灯体デザインでは、ヘッドライトのデイタイムランニングライトを外側へ向かって駆け上がる形状とし、ストライプ状のディテールを取り入れることで、点灯時の印象に先進性と緻密さを与えている。リアコンビネーションランプは、消灯時にはダブルライン、点灯時には一本の均一な光となるよう設計されており、いずれの状態でもワイド感と質感が維持される構造となっている。いずれの灯体も機能部品をブラックアウトエリアに集約することで、横一文字のグラフィックが際立つよう調整されている。
足元には、太いメインスポークと細いサブスポークをレイヤー状に配置した19インチアルミホイールを装備。デザイン性、性能、量産性のすり合わせを徹底し、スポーティさと特別感を両立している。また、ブレンボ製ブレーキキャリパーにはブルーのアクセントカラーを採用し、そこに車名ロゴを加えることでデザイン的な一貫性と視覚的なインパクトを確保している。
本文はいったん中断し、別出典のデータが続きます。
lemma firmly_nonexpansive_on_iterate_steps_tendsto_0:
  assumes "x \<in> S" "y \<in> S" "T y = y"
  shows "(\<lambda>k. (T ^^ k) x - (T ^^ Suc k) x) \<longlonglongrightarrow> 0"
proof -
  define a where "a k = (norm ((T ^^ k) x - y))\<^sup>2" for k
  have step: "(norm ((T ^^ k) x - (T ^^ Suc k) x))\<^sup>2 \<le> a k - a (Suc k)" for k
    using firmly_nonexpansive_on_iterate_fejer[OF assms, of k] by (simp add: a_def)
  then have "decseq a"
    by (intro decseq_SucI) (smt (verit) zero_le_power2)
  moreover have "\<forall>k. 0 \<le> a k"
    by (simp add: a_def)
  ultimately obtain L where L: "a \<longlonglongrightarrow> L"
    using decseq_convergent by metis
  have "(\<lambda>k. a k - a (Suc k)) \<longlonglongrightarrow> 0"
    using tendsto_diff[OF L LIMSEQ_Suc[OF L]] by simp
  then have "(\<lambda>k. (norm ((T ^^ k) x - (T ^^ Suc k) x))\<^sup>2) \<longlonglongrightarrow> 0"
  proof (rule real_tendsto_sandwich[of "\<lambda>_. 0", rotated 3])
    show "\<forall>\<^sub>F k in sequentially. (norm ((T ^^ k) x - (T ^^ Suc k) x))\<^sup>2 \<le> a k - a (Suc k)"
      using step by simp
  qed simp_all
  then have "(\<lambda>k. sqrt ((norm ((T ^^ k) x - (T ^^ Suc k) x))\<^sup>2)) \<longlonglongrightarrow> sqrt 0"
    by (rule tendsto_real_sqrt)
  then show ?thesis
    by (simp add: tendsto_norm_zero_iff)
qed

end

text \<open>Krasnoselskii's theorem for firmly nonexpansive maps: a cluster point of the
  iterates is fixed because the steps tend to zero, and then Fejer monotonicity forces
  convergence of the whole sequence.\<close>
lemma firmly_nonexpansive_on_iterates_converge:
  fixes T :: "'a::euclidean_space \<Rightarrow> 'a"
  assumes S: "closed S" and maps: "T ` S \<subseteq> S" and firm: "firmly_nonexpansive_on S T"
    and z: "z \<in> S" "T z = z" and x: "x \<in> S"
  shows "\<exists>y. ((\<lambda>k. (T ^^ k) x) \<longlonglongrightarrow> y) \<and> T y = y"
proof -
  define h where "h k = (T ^^ k) x" for k
  have hS: "h k \<in> S" for k
    unfolding h_def by (rule firmly_nonexpansive_on_iterate_in[OF maps firm x])
  have hSuc: "h (Suc k) = T (h k)" for k
    by (simp add: h_def)
  have dec: "decseq (\<lambda>k. dist (h k) y)" if "y \<in> S" "T y = y" for y
    unfolding h_def by (rule firmly_nonexpansive_on_iterate_dist_decseq[OF maps firm x that])
  have "range h \<subseteq> cball z (dist (h 0) z)"
    using decseqD[OF dec[OF z]] by (auto simp: dist_commute)
  then obtain y r where r: "strict_mono r" and hr: "(h \<circ> r) \<longlonglongrightarrow> y"
    using bounded_imp_convergent_subsequence bounded_cball bounded_subset by metis
  have "y \<in> S"
    using closed_sequentially[OF S _ hr] hS by simp
  have "(\<lambda>k. h k - h (Suc k)) \<longlonglongrightarrow> 0"
    unfolding h_def by (rule firmly_nonexpansive_on_iterate_steps_tendsto_0[OF maps firm x z])
  then have "(\<lambda>k. h (r k) - (h (r k) - h (Suc (r k)))) \<longlonglongrightarrow> y - 0"
    using hr LIMSEQ_subseq_LIMSEQ[OF _ r] by (intro tendsto_diff) (auto simp: o_def)
  then have "(\<lambda>k. T (h (r k))) \<longlonglongrightarrow> y"
    by (simp add: hSuc)
  moreover have "(\<lambda>k. T (h (r k))) \<longlonglongrightarrow> T y"
    using continuous_on_tendsto_compose[OF firmly_nonexpansive_on_imp_continuous_on[OF firm] hr \<open>y \<in> S\<close>]
      hS by (simp add: o_def)
  ultimately have "T y = y"
    using LIMSEQ_unique by metis
  moreover have "h \<longlonglongrightarrow> y"
    by (rule decseq_dist_subseq_tendsto[OF dec[OF \<open>y \<in> S\<close> \<open>T y = y\<close>] r hr])
  ultimately show ?thesis
    unfolding h_def by blast
qed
フロントフェイスは、ブラッククロームの一文字ルーバーにより上質さとワイド感を演出し、ロアグリルやバンパー下部にはブルーのアクセントを配して車高の低さを強調している。グリルメッシュは羽根形状を放射状に広げた意匠とし、軽快さと躍動感を視覚的に表現している。

エンブレムも、新旧の融合を意識した設計がなされている。上部には新たな「バラ文字」仕様のホンダHマークを採用し、未来との接続を象徴。一方、下部の「PRELUDE」ロゴは4代目のエンブレムをベースにしつつ、現代的に書体を再設計することで、ブランドの継承と進化を同時に示す構成となっている。

ボディカラーは、新色のムーンリットホワイトパールが主軸となる。このカラーは、高い輝度と明暗の陰影によって面の美しさを際立たせる設計となっており、ブルーのアクセントと組み合わせることで、視覚的な清潔感と動きの印象を同時に演出する。また、ブラックルーフとのツートーン仕様も用意されており、よりスポーティな印象を加えることができる。その他には、メテオロイドグレーメタリック、クリスタルブラックパール、そして歴代プレリュードを想起させるフレームレッドの計4色が設定されている。